The Colts have an unstoppable offense and a record-setting quarterback? OK, we'll get those, too. We lost an 18-point lead by relaxing perhaps an erg in a big game. I, Bill Belichick, will never relax during a game again, and to hell with the score.
(We pause here to point out the obvious. Belichick wasn't running up the score on the Dolphins, because you CAN'T run up the score in the NFL. It doesn't have a Division 1-AA. Everybody's getting big money, and if the other team can't stop you from scoring, that's their problem. For God's sake, the biggest rout in pro football history, Bears 73-Redskins 0, was in a CHAMPIONSHIP GAME.)
Belichick's concern with the frailty of leads led him to ignore certain obvious facts, such as that Cleo Lemon ain't even Eli Manning, let alone Peyton. The most dangerous fact he ignored, of course, was the frailty to the human body, to wit, Brady's body.
"I've said this before," Brady said afterwards, "our objective isn't to be 7-0." Forgive me for thinking the quarterback was aiming his remarks at his coach, not the media.
Brady is a very durable player, and his ability to take a hit would make him a stellar Hollywood stuntman. But telling a player he's done for the day, then reneging, can rob the player of the tiny fraction of mental alertness he needs to keep catastrophe at bay. Or so Pedro Martinez and Grady Little told me once.
Belichick didn't just expose Brady to needless risk, he increased the amount of danger in the bargain. That's a mighty big bet to make on the payoff of a 28-point lead against the Dolphins. As risk-reward ratios go, it's about like waking up tomorrow and buying every subprime mortgage in sight. Hey, they're cheap now, right?

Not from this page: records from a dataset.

(* Let $n\ge 1$ and let $f$ be a real-valued function on the product states of $\mathcal{H}_n=\otimes^n\mathbb{C}^2$ such that there is a constant $c$ with $\sum_{i=1}^{2^n} f(u_i)=c$ for every unentangled orthonormal basis (UOB) $\{u_1,\dots,u_{2^n}\}$ of $\mathcal{H}_n$. Then for each subset $J\subset\Omega_n=\{1,\dots,n\}$ there exists a function $\phi_J$ on $F^{n-|J|}$ (with $F^0=\{\omega\}$ and $\phi_{\Omega_n}(\omega)=c$) such that for every $z\in F_n$, \[ \sum_{L\subset J} f(\sigma_L(z))=\phi_J(\tau_J(z)). \]
   Context: One-qubit states are points of $\mathbb{P}^1(\mathbb{C})$, identified with $\mathbb{C}\cup\{\infty\}$ via $(x,y)\mapsto x/y$. Let $\sigma:\mathbb{C}^2\to\mathbb{C}^2$, $\sigma(x,y)=(-\bar y,\bar x)$; it induces on $\mathbb{C}\cup\{\infty\}$ the map $\sigma z=-1/\bar z$, and $\sigma v$ is (up to phase) the unique state orthogonal to $v$; write $\hat a=\sigma a$. The fundamental domain is $F=\{z\in\mathbb{C}:|z|<1\}\cup\{z\in\mathbb{C}:|z|=1,\ \operatorname{Im}z>0\}\cup\{1\}$. A product (unentangled) state of $\mathcal{H}_n$ is $z_1\otimes\cdots\otimes z_n$ with each $z_i$ a one-qubit state; $F_n=F\otimes\cdots\otimes F$ is the set of product states with all $z_i\in F$, and $F^m$ denotes the direct product of $m$ copies of $F$. A UOB of $\mathcal{H}_n$ is an orthonormal basis consisting of product unit vectors. For $J\subset\Omega_n$, $\sigma_J=T_1\otimes\cdots\otimes T_n$ with $T_j=\sigma$ if $j\in J$ and $T_j=\mathbb{I}$ otherwise. For $z=z_1\otimes\cdots\otimes z_n\in F_n$ and $J\ne\Omega_n$ with $\Omega_n\setminus J=\{i_1<\dots<i_k\}$, set $\tau_J(z)=(z_{i_1},\dots,z_{i_k})\in F^{k}$; for $J=\Omega_n$, $\tau_J(z)=\omega$. *)

theory Defs
  imports Complex_Main "HOL-Library.Sublist"
begin

text \<open>One-qubit states: points of P^1(C) = C \<union> {\<infinity>}, represented as complex option
  (None = \<infinity>).  A one-qubit vector is a pair (x,y) of complex numbers; its state is x/y.\<close>

type_synonym qstate = "complex option"

definition ratio :: "complex \<times> complex \<Rightarrow> qstate" where
  "ratio v = (if snd v = 0 then None else Some (fst v / snd v))"

definition sig :: "qstate \<Rightarrow> qstate" where
  "sig p = (case p of None \<Rightarrow> Some 0
              | Some z \<Rightarrow> (if z = 0 then None else Some (- 1 / cnj z)))"

definition Fdom :: "qstate set" where
  "Fdom = {Some z | z. cmod z < 1 \<or> (cmod z = 1 \<and> Im z > 0) \<or> z = 1}"

text \<open>H_n: vectors are coefficient functions on bit strings of length n
  (computational basis); inner product is the standard one.\<close>
definition inner_n :: "nat \<Rightarrow> (bool list \<Rightarrow> complex) \<Rightarrow> (bool list \<Rightarrow> complex) \<Rightarrow> complex" where
  "inner_n n u v = (\<Sum>b\<in>{b. length b = n}. cnj (u b) * v b)"

definition tensor :: "(complex \<times> complex) list \<Rightarrow> bool list \<Rightarrow> complex" where
  "tensor qs b = (\<Prod>i<length qs. (if b ! i then snd (qs ! i) else fst (qs ! i)))"

text \<open>An unentangled orthonormal basis of H_n, given as an indexed family
  u_1,...,u_{2^n} (indices 0..2^n-1) of product vectors, each presented by its
  list of n one-qubit factors.\<close>
definition is_UOB :: "nat \<Rightarrow> (nat \<Rightarrow> (complex \<times> complex) list) \<Rightarrow> bool" where
  "is_UOB n qs \<longleftrightarrow>
     (\<forall>i<2^n. length (qs i) = n) \<and>
     (\<forall>i<2^n. \<forall>j<2^n. inner_n n (tensor (qs i)) (tensor (qs j)) = (if i = j then 1 else 0)) \<and>
     (\<forall>v :: bool list \<Rightarrow> complex. \<exists>a :: nat \<Rightarrow> complex.
        \<forall>b. length b = n \<longrightarrow> v b = (\<Sum>i<2^n. a i * tensor (qs i) b))"

definition pstate :: "(complex \<times> complex) list \<Rightarrow> qstate list" where
  "pstate qs = map ratio qs"

text \<open>sigma_L, for L \<subseteq> {1..n} (positions are 1-based).\<close>
definition sigmaL :: "nat set \<Rightarrow> qstate list \<Rightarrow> qstate list" where
  "sigmaL L z = map (\<lambda>i. if Suc i \<in> L then sig (z ! i) else z ! i) [0..<length z]"

text \<open>tau_J(z) = (z_i)_{i \<notin> J}, in increasing order; the empty list plays the role of \<omega>.\<close>
definition tauJ :: "nat set \<Rightarrow> qstate list \<Rightarrow> qstate list" where
  "tauJ J z = nths z {i. Suc i \<notin> J}"

end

In cold fact, the kind Belichick specializes in, a healthy Brady is worth losing almost any individual game. The Dolphins weren't going to come back, but had they, the loss, while galling, would have meant exactly diddley-squat to New England's pursuit of the 2007 NFL championship. Calculating odds like those with as little regard for human emotion-his own included-has made Belichick a Hall of Famer. It was disconcerting to see the coach take counsel of his fears. He knows better.
And that, I suspect, was why Belichick was so tight-lipped on the subject afterwards, acting angry at the question. He was angry at himself. He does know better, and in retrospect, his fears looked foolish and he felt foolish.
Irrational fears always look foolish in retrospect, when it's too late.